* _INSTRUCTIONS TO FOLLOW_:
Copy the listing below in full, exactly.

* _SOURCE INFORMATION_:
*** Begin section ***
lemma monic_irreducible_dvd_imp_eq:
  fixes p q :: "'a::field poly"
  assumes p: "monic_irreducible p" and q: "monic_irreducible q" and "p dvd q"
  shows "p = q"
proof (rule monic_dvd_imp_eq_if_degree_le)
  have "\<not> is_unit p" using p by (simp add: monic_irreducible_def irreducible_not_unit)
  then have "q dvd p" using q irreducibleD'[OF _ \<open>p dvd q\<close>] by (auto simp: monic_irreducible_def)
  then show "degree q \<le> degree p"
    using p by (intro dvd_imp_degree_le) (auto simp: monic_irreducible_def)
qed (use assms in \<open>simp_all add: monic_irreducible_def\<close>)

lemma monic_irreducible_dvd_prod_iff:
  fixes p :: "'a::field poly"
  assumes T: "finite T" "\<forall>q\<in>T. monic_irreducible q" and p: "monic_irreducible p"
  shows "p dvd \<Prod>T \<longleftrightarrow> p \<in> T"
proof
  have prime: "prime_elem p"
    using p by (simp add: monic_irreducible_def field_poly_irreducible_imp_prime)
  show "p dvd \<Prod>T \<Longrightarrow> p \<in> T"
    using T
  proof (induction T rule: finite_induct)
    case empty
    then show ?case using prime by (simp add: prime_elem_not_unit)
  next
    case (insert q T)
    then have "p dvd q \<or> p dvd \<Prod>T" using prime by (simp add: prime_elem_dvd_mult_iff)
    moreover have "p dvd q \<Longrightarrow> p = q"
      using insert.prems(2) p by (simp add: monic_irreducible_dvd_imp_eq)
    ultimately show ?case using insert.IH insert.prems by blast
  qed
next
  show "p \<in> T \<Longrightarrow> p dvd \<Prod>T" using T(1) by (rule dvd_prodI)
qed

lemma inj_on_prod_monic_irreducibles:
  "inj_on Prod {T :: 'a::field poly set. finite T \<and> (\<forall>p\<in>T. monic_irreducible p)}"
proof (rule inj_onI)
  fix S T :: "'a poly set"
  assume S: "S \<in> {T. finite T \<and> (\<forall>p\<in>T. monic_irreducible p)}"
    and T: "T \<in> {T. finite T \<and> (\<forall>p\<in>T. monic_irreducible p)}"
    and eq: "\<Prod>S = \<Prod>T"
  have "p \<in> S \<longleftrightarrow> p \<in> T" if "monic_irreducible p" for p
    using monic_irreducible_dvd_prod_iff[of S p] monic_irreducible_dvd_prod_iff[of T p] S T eq that
    by simp
  then show "S = T" using S T by blast
qed

lemma prod_dvd_if_monic_irreducibles_dvd:
  fixes x :: "'a::field poly"
  assumes "finite T" "\<forall>p\<in>T. monic_irreducible p" "\<forall>p\<in>T. p dvd x"
  shows "\<Prod>T dvd x"
  using assms
proof (induction T rule: finite_induct)
  case (insert p T)
  then obtain y where y: "x = \<Prod>T * y" by (auto elim: dvdE)
  have "prime_elem p"
    using insert.prems by (simp add: monic_irreducible_def field_poly_irreducible_imp_prime)
  moreover have "\<not> p dvd \<Prod>T"
    using insert.hyps insert.prems monic_irreducible_dvd_prod_iff[of T p] by simp
  moreover have "p dvd \<Prod>T * y" using insert.prems y by simp
  ultimately have "p dvd y" by (simp add: prime_elem_dvd_mult_iff)
  then have "p * \<Prod>T dvd \<Prod>T * y" by (simp add: mult.commute mult_dvd_mono)
  then show ?case using insert.hyps y by simp
qed simp

lemma lead_coeff_prod_monic_irreducibles:
  "\<forall>p\<in>T. monic_irreducible p \<Longrightarrow> lead_coeff (\<Prod>T) = (1 :: 'a::field)"
  by (simp add: lead_coeff_prod monic_irreducible_def)

lemma degree_prod_monic_irreducibles:
  "\<forall>p\<in>T. monic_irreducible p \<Longrightarrow> degree (\<Prod>T :: 'a::field poly) = (\<Sum>p\<in>T. degree p)"
  by (rule degree_prod_eq_sum_degree) (auto simp: monic_irreducible_def)

lemma finite_monic_irreducible_dvd:
  fixes f :: "'a::{finite,field} poly"
  assumes "f \<noteq> 0"
  shows "finite {p. monic_irreducible p \<and> p dvd f}"
proof (rule finite_subset)
  show "{p. monic_irreducible p \<and> p dvd f} \<subseteq> {p. degree p < Suc (degree f)}"
    using assms by (auto dest: dvd_imp_degree_le)
qed (rule finite_degree_less)

lemma squarefree_monic_eq_prod_irreducible_factors:
  fixes f :: "'a::{finite,field} poly"
  assumes monic: "lead_coeff f = 1" and sf: "squarefree f"
  shows "f = \<Prod>{p. monic_irreducible p \<and> p dvd f}"
proof -
  let ?T = "{p. monic_irreducible p \<and> p dvd f}"
  have "f \<noteq> 0" using monic by auto
  have fin: "finite ?T" by (rule finite_monic_irreducible_dvd[OF \<open>f \<noteq> 0\<close>])
  have "\<Prod>?T dvd f" by (rule prod_dvd_if_monic_irreducibles_dvd[OF fin]) auto
  then obtain h where h: "f = \<Prod>?T * h" by (rule dvdE)
  have "lead_coeff (\<Prod>?T * h) = lead_coeff (\<Prod>?T) * lead_coeff h"
    by (rule lead_coeff_mult)
  then have "lead_coeff h = 1"
    using monic lead_coeff_prod_monic_irreducibles[of ?T] by (simp add: h[symmetric])
  have "degree h = 0"
  proof (rule ccontr)
    assume "degree h \<noteq> 0"
    then obtain p where p: "monic_irreducible p" "p dvd h" using ex_monic_irreducible_dvd by blast
    moreover have "h dvd f" by (subst h) simp
    ultimately have "p \<in> ?T" by (auto intro: dvd_trans)
    then have "p dvd \<Prod>?T" by (rule dvd_prodI[OF fin])
    then have "p * p dvd \<Prod>?T * h" using p(2) by (rule mult_dvd_mono)
    then have "p * p dvd f" by (simp add: h[symmetric])
    then have "is_unit p" using sf by (simp add: squarefree_def power2_eq_square)
    with p(1) show False by (simp add: monic_irreducible_def irreducible_not_unit)
  qed
  with \<open>lead_coeff h = 1\<close> have "h = 1" by (auto elim: degree_eq_zeroE)
  with h show ?thesis by simp
qed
*** End section ***
* _ANSWER TO THIS EXERCISE_:
lemma monic_irreducible_dvd_imp_eq:
  fixes p q :: "'a::field poly"
  assumes p: "monic_irreducible p" and q: "monic_irreducible q" and "p dvd q"
  shows "p = q"
proof (rule monic_dvd_imp_eq_if_degree_le)
  have "\<not> is_unit p" using p by (simp add: monic_irreducible_def irreducible_not_unit)
  then have "q dvd p" using q irreducibleD'[OF _ \<open>p dvd q\<close>] by (auto simp: monic_irreducible_def)
  then show "degree q \<le> degree p"
    using p by (intro dvd_imp_degree_le) (auto simp: monic_irreducible_def)
qed (use assms in \<open>simp_all add: monic_irreducible_def\<close>)

lemma monic_irreducible_dvd_prod_iff:
  fixes p :: "'a::field poly"
  assumes T: "finite T" "\<forall>q\<in>T. monic_irreducible q" and p: "monic_irreducible p"
  shows "p dvd \<Prod>T \<longleftrightarrow> p \<in> T"
proof
  have prime: "prime_elem p"
    using p by (simp add: monic_irreducible_def field_poly_irreducible_imp_prime)
  show "p dvd \<Prod>T \<Longrightarrow> p \<in> T"
    using T
  proof (induction T rule: finite_induct)
    case empty
    then show ?case using prime by (simp add: prime_elem_not_unit)
  next
    case (insert q T)
    then have "p dvd q \<or> p dvd \<Prod>T" using prime by (simp add: prime_elem_dvd_mult_iff)
    moreover have "p dvd q \<Longrightarrow> p = q"
      using insert.prems(2) p by (simp add: monic_irreducible_dvd_imp_eq)
    ultimately show ?case using insert.IH insert.prems by blast
  qed
next
  show "p \<in> T \<Longrightarrow> p dvd \<Prod>T" using T(1) by (rule dvd_prodI)
qed

lemma inj_on_prod_monic_irreducibles:
  "inj_on Prod {T :: 'a::field poly set. finite T \<and> (\<forall>p\<in>T. monic_irreducible p)}"
proof (rule inj_onI)
  fix S T :: "'a poly set"
  assume S: "S \<in> {T. finite T \<and> (\<forall>p\<in>T. monic_irreducible p)}"
    and T: "T \<in> {T. finite T \<and> (\<forall>p\<in>T. monic_irreducible p)}"
    and eq: "\<Prod>S = \<Prod>T"
  have "p \<in> S \<longleftrightarrow> p \<in> T" if "monic_irreducible p" for p
    using monic_irreducible_dvd_prod_iff[of S p] monic_irreducible_dvd_prod_iff[of T p] S T eq that
    by simp
  then show "S = T" using S T by blast
qed

lemma prod_dvd_if_monic_irreducibles_dvd:
  fixes x :: "'a::field poly"
  assumes "finite T" "\<forall>p\<in>T. monic_irreducible p" "\<forall>p\<in>T. p dvd x"
  shows "\<Prod>T dvd x"
  using assms
proof (induction T rule: finite_induct)
  case (insert p T)
  then obtain y where y: "x = \<Prod>T * y" by (auto elim: dvdE)
  have "prime_elem p"
    using insert.prems by (simp add: monic_irreducible_def field_poly_irreducible_imp_prime)
  moreover have "\<not> p dvd \<Prod>T"
    using insert.hyps insert.prems monic_irreducible_dvd_prod_iff[of T p] by simp
  moreover have "p dvd \<Prod>T * y" using insert.prems y by simp
  ultimately have "p dvd y" by (simp add: prime_elem_dvd_mult_iff)
  then have "p * \<Prod>T dvd \<Prod>T * y" by (simp add: mult.commute mult_dvd_mono)
  then show ?case using insert.hyps y by simp
qed simp

lemma lead_coeff_prod_monic_irreducibles:
  "\<forall>p\<in>T. monic_irreducible p \<Longrightarrow> lead_coeff (\<Prod>T) = (1 :: 'a::field)"
  by (simp add: lead_coeff_prod monic_irreducible_def)

lemma degree_prod_monic_irreducibles:
  "\<forall>p\<in>T. monic_irreducible p \<Longrightarrow> degree (\<Prod>T :: 'a::field poly) = (\<Sum>p\<in>T. degree p)"
  by (rule degree_prod_eq_sum_degree) (auto simp: monic_irreducible_def)

lemma finite_monic_irreducible_dvd:
  fixes f :: "'a::{finite,field} poly"
  assumes "f \<noteq> 0"
  shows "finite {p. monic_irreducible p \<and> p dvd f}"
proof (rule finite_subset)
  show "{p. monic_irreducible p \<and> p dvd f} \<subseteq> {p. degree p < Suc (degree f)}"
    using assms by (auto dest: dvd_imp_degree_le)
qed (rule finite_degree_less)

lemma squarefree_monic_eq_prod_irreducible_factors:
  fixes f :: "'a::{finite,field} poly"
  assumes monic: "lead_coeff f = 1" and sf: "squarefree f"
  shows "f = \<Prod>{p. monic_irreducible p \<and> p dvd f}"
proof -
  let ?T = "{p. monic_irreducible p \<and> p dvd f}"
  have "f \<noteq> 0" using monic by auto
  have fin: "finite ?T" by (rule finite_monic_irreducible_dvd[OF \<open>f \<noteq> 0\<close>])
  have "\<Prod>?T dvd f" by (rule prod_dvd_if_monic_irreducibles_dvd[OF fin]) auto
  then obtain h where h: "f = \<Prod>?T * h" by (rule dvdE)
  have "lead_coeff (\<Prod>?T * h) = lead_coeff (\<Prod>?T) * lead_coeff h"
    by (rule lead_coeff_mult)
  then have "lead_coeff h = 1"
    using monic lead_coeff_prod_monic_irreducibles[of ?T] by (simp add: h[symmetric])
  have "degree h = 0"
  proof (rule ccontr)
    assume "degree h \<noteq> 0"
    then obtain p where p: "monic_irreducible p" "p dvd h" using ex_monic_irreducible_dvd by blast
    moreover have "h dvd f" by (subst h) simp
    ultimately have "p \<in> ?T" by (auto intro: dvd_trans)
    then have "p dvd \<Prod>?T" by (rule dvd_prodI[OF fin])
    then have "p * p dvd \<Prod>?T * h" using p(2) by (rule mult_dvd_mono)
    then have "p * p dvd f" by (simp add: h[symmetric])
    then have "is_unit p" using sf by (simp add: squarefree_def power2_eq_square)
    with p(1) show False by (simp add: monic_irreducible_def irreducible_not_unit)
  qed
  with \<open>lead_coeff h = 1\<close> have "h = 1" by (auto elim: degree_eq_zeroE)
  with h show ?thesis by simp
qed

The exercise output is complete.